lemma det_nonzero_mat_inv:
  fixes M :: "real mat"
  assumes M: "M \<in> carrier_mat n n" and "det M \<noteq> 0"
  shows "mat_inv M \<in> carrier_mat n n \<and> M * mat_inv M = 1\<^sub>m n \<and> mat_inv M * M = 1\<^sub>m n"
proof -
  have "M \<in> Units (ring_mat TYPE(real) n ())" by (rule det_non_zero_imp_unit[OF assms])
  then obtain B where B: "B * M = 1\<^sub>m n" "B \<in> carrier_mat n n"
    unfolding Units_def ring_mat_def by auto
  then show ?thesis
    using mat_mult_left_right_inverse[OF B(2) M B(1)] by (intro mat_inv_carrier_and_inverse[OF M B(2)])
qed

lemma (in vec_space) full_rank_span_cols:
  assumes M: "M \<in> carrier_mat n k" and "rank M = n"
  shows "span (set (cols M)) = carrier_vec n"
proof -
  define P where "P = (\<lambda>T. T \<subseteq> set (cols M) \<and> lin_indpt T)"
  have S: "set (cols M) \<subseteq> carrier_vec n" using M cols_dim by blast
  have "P {}" unfolding P_def by (simp add: lin_dep_def)
  then obtain U where U: "maximal U P"
    using maximal_exists_superset[of "set (cols M)" P "{}"] unfolding P_def by auto
  have US: "U \<subseteq> set (cols M)" "lin_indpt U" using U unfolding maximal_def P_def by blast+
  have "finite U" using US(1) finite_subset by blast
  moreover have "card U = n" using rank_card_indpt[OF M U[unfolded P_def]] assms(2) by simp
  moreover have "U \<subseteq> carrier V" using US(1) S by simp
  ultimately have "basis U"
    using dim_li_is_basis[OF fin_dim _ _ US(2)] dim_is_n by simp
  then have "carrier_vec n \<subseteq> span (set (cols M))"
    unfolding basis_def using span_is_monotone[OF US(1)] by auto
  then show ?thesis using span_closed[OF S] by blast
qed

text \<open>Full row rank makes \<open>M\<^sup>T\<close> injective: a vector killed by \<open>M\<^sup>T\<close> is orthogonal to
  the columns of \<open>M\<close>, which span everything, hence to itself.\<close>

lemma full_row_rank_transpose_kernel:
  fixes M :: "real mat"
  assumes M: "M \<in> carrier_mat m k" and "full_row_rank M"
    and v: "v \<in> carrier_vec m" and "transpose_mat M *\<^sub>v v = 0\<^sub>v k"
  shows "v = 0\<^sub>v m"
proof -
  have S: "set (cols M) \<subseteq> carrier_vec m" using M cols_dim by blast
  have orth: "\<forall>w \<in> set (cols M). v \<bullet> w = 0"
  proof
    fix w assume "w \<in> set (cols M)"
    then obtain j where j: "j < k" "w = col M j" using M by (auto simp: cols_def)
    have "(transpose_mat M *\<^sub>v v) $ j = 0" using assms(4) j by simp
    then have "col M j \<bullet> v = 0" using j M by simp
    then show "v \<bullet> w = 0" using j M v comm_scalar_prod[of v m w] by simp
  qed
  have "vec_space.rank m M = m" using assms(2) M by (simp add: full_row_rank_def)
  note span_cols = vec_space.full_rank_span_cols[OF M this]
  have "v \<in> vec_module.orthogonal_complement m (carrier_vec m)"
    using vec_space.in_orthogonal_complement_span[OF S] v orth
    unfolding span_cols vec_module.orthogonal_complement_def by blast
  then have "vnorm v = 0" using v unfolding vec_module.orthogonal_complement_def vnorm_def by simp
  then show ?thesis using vnorm_eq_0_imp_zero v by (metis carrier_vecD)
qed

lemma full_row_rank_gram_det:
  fixes M :: "real mat"
  assumes M: "M \<in> carrier_mat m k" and rank: "full_row_rank M"
  shows "det (M * transpose_mat M) \<noteq> 0"
proof
  assume "det (M * transpose_mat M) = 0"
  then obtain v where v: "v \<in> carrier_vec m" "v \<noteq> 0\<^sub>v m" "(M * transpose_mat M) *\<^sub>v v = 0\<^sub>v m"
    using det_0_iff_vec_prod_zero_field[of "M * transpose_mat M" m] M by auto
  define w where "w = transpose_mat M *\<^sub>v v"
  have w: "w \<in> carrier_vec k" using M v unfolding w_def by simp
  have "vnorm w ^ 2 = v \<bullet> (M *\<^sub>v w)"
    unfolding vnorm_power2 w_def by (rule transpose_vec_mult_scalar[OF M _ v(1)]) (use w w_def in simp)
  also have "\<dots> = 0" using v M unfolding w_def by simp
  finally have "w = 0\<^sub>v k" using vnorm_eq_0_imp_zero w by (metis carrier_vecD zero_eq_power2)
  then show False using full_row_rank_transpose_kernel[OF M rank v(1)] v(2) unfolding w_def by simp
qed

lemma pinv_carrier:
  fixes M :: "real mat"
  assumes "M \<in> carrier_mat m k" and "full_row_rank M"
  shows "pinv M \<in> carrier_mat k m"
  using det_nonzero_mat_inv[OF _ full_row_rank_gram_det[OF assms], of m] assms(1)
  unfolding pinv_def by auto

section \<open>Block decomposition\<close>

lemma first_cols_carrier: "M \<in> carrier_mat r n \<Longrightarrow> first_cols k M \<in> carrier_mat r k"
  unfolding first_cols_def by simp

lemma last_cols_carrier: "M \<in> carrier_mat r n \<Longrightarrow> last_cols k M \<in> carrier_mat r (n - k)"
  unfolding last_cols_def by simp

lemma first_entries_carrier: "first_entries k v \<in> carrier_vec k"
  unfolding first_entries_def by simp

lemma last_entries_carrier: "v \<in> carrier_vec n \<Longrightarrow> last_entries k v \<in> carrier_vec (n - k)"
  unfolding last_entries_def by simp
lemma held_sample_after_run:
  fixes tk :: "nat \<Rightarrow> real"
  assumes tk: "strict_mono tk" "0 \<le> tk 0" and s: "tk l \<le> s" "s < tk (Suc l)"
    and i: "i \<le> Suc l" and run: "\<forall>q\<in>{i..l}. tk q \<in> dos_set h dur"
    and start: "0 < i \<Longrightarrow> tk (i - 1) \<notin> dos_set h dur"
  shows "held_sample x h dur tk s = (if i = 0 then 0 else x (tk (i - 1)))"
proof -
  have "tk k \<le> s \<longleftrightarrow> k \<le> l" for k
  proof
    assume "tk k \<le> s"
    then show "k \<le> l" using s(2) strict_mono_less[OF tk(1), of k "Suc l"] by simp
  next
    assume "k \<le> l"
    then show "tk k \<le> s" using s(1) strict_mono_less_eq[OF tk(1), of k l] by simp
  qed
  moreover have "0 \<le> tk k" for k using tk strict_mono_less_eq[OF tk(1), of 0 k] by simp
  ultimately have succ: "succ_upd h dur tk s = {k. k \<le> l \<and> tk k \<notin> dos_set h dur}"
    by (auto simp: succ_upd_def Theta_def)
  have below: "k < i" if "k \<in> succ_upd h dur tk s" for k
  proof (rule ccontr)
    assume "\<not> k < i"
    then have "tk k \<in> dos_set h dur" using that run unfolding succ by auto
    then show False using that unfolding succ by simp
  qed
  show ?thesis
  proof (cases "i = 0")
    case True
    then show ?thesis using below by (auto simp: held_sample_def)
  next
    case False
    then have "i - 1 \<in> succ_upd h dur tk s" using i start unfolding succ by auto
    moreover have "Max (succ_upd h dur tk s) = i - 1"
    proof (rule Max_eqI)
      show "finite (succ_upd h dur tk s)" by (simp add: succ)
      show "k \<le> i - 1" if "k \<in> succ_upd h dur tk s" for k using below[OF that] by simp
    qed fact
    ultimately show ?thesis using False by (auto simp: held_sample_def)
  qed
qed

lemma Delta_S_upper:
  assumes tk: "filterlim tk at_top sequentially" and l: "tk l \<in> dos_int h dur n"
  shows "tk (Suc l) - tk l \<le> Delta_S h dur tk n"
proof -
  define K where "K = {k. tk k \<in> dos_int h dur n}"
  obtain N where N: "\<And>k. N \<le> k \<Longrightarrow> h n + dur n \<le> tk k"
    using tk unfolding filterlim_at_top eventually_sequentially by blast
  have "K \<subseteq> {..<N}"
  proof
    fix k assume "k \<in> K"
    then have "tk k < h n + dur n" by (simp add: K_def dos_int_def)
    then show "k \<in> {..<N}" using N[of k] by force
  qed
  then have "finite K" by (rule finite_subset) simp
  moreover have "l \<in> K" using l by (simp add: K_def)
  ultimately show ?thesis
    unfolding Delta_S_def K_def[symmetric] by (auto intro: cSup_upper)
qed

## WHAT TO PRODUCE
Everything above from the line containing "by (auto simp: succ_upd_def Theta_def)" down to the line containing "proof (rule Max_eqI)" is to be transcribed exactly, with both of those lines included and nothing else added.

## RESPONSE
    by (auto simp: succ_upd_def Theta_def)
  have below: "k < i" if "k \<in> succ_upd h dur tk s" for k
  proof (rule ccontr)
    assume "\<not> k < i"
    then have "tk k \<in> dos_set h dur" using that run unfolding succ by auto
    then show False using that unfolding succ by simp
  qed
  show ?thesis
  proof (cases "i = 0")
    case True
    then show ?thesis using below by (auto simp: held_sample_def)
  next
    case False
    then have "i - 1 \<in> succ_upd h dur tk s" using i start unfolding succ by auto
    moreover have "Max (succ_upd h dur tk s) = i - 1"
    proof (rule Max_eqI)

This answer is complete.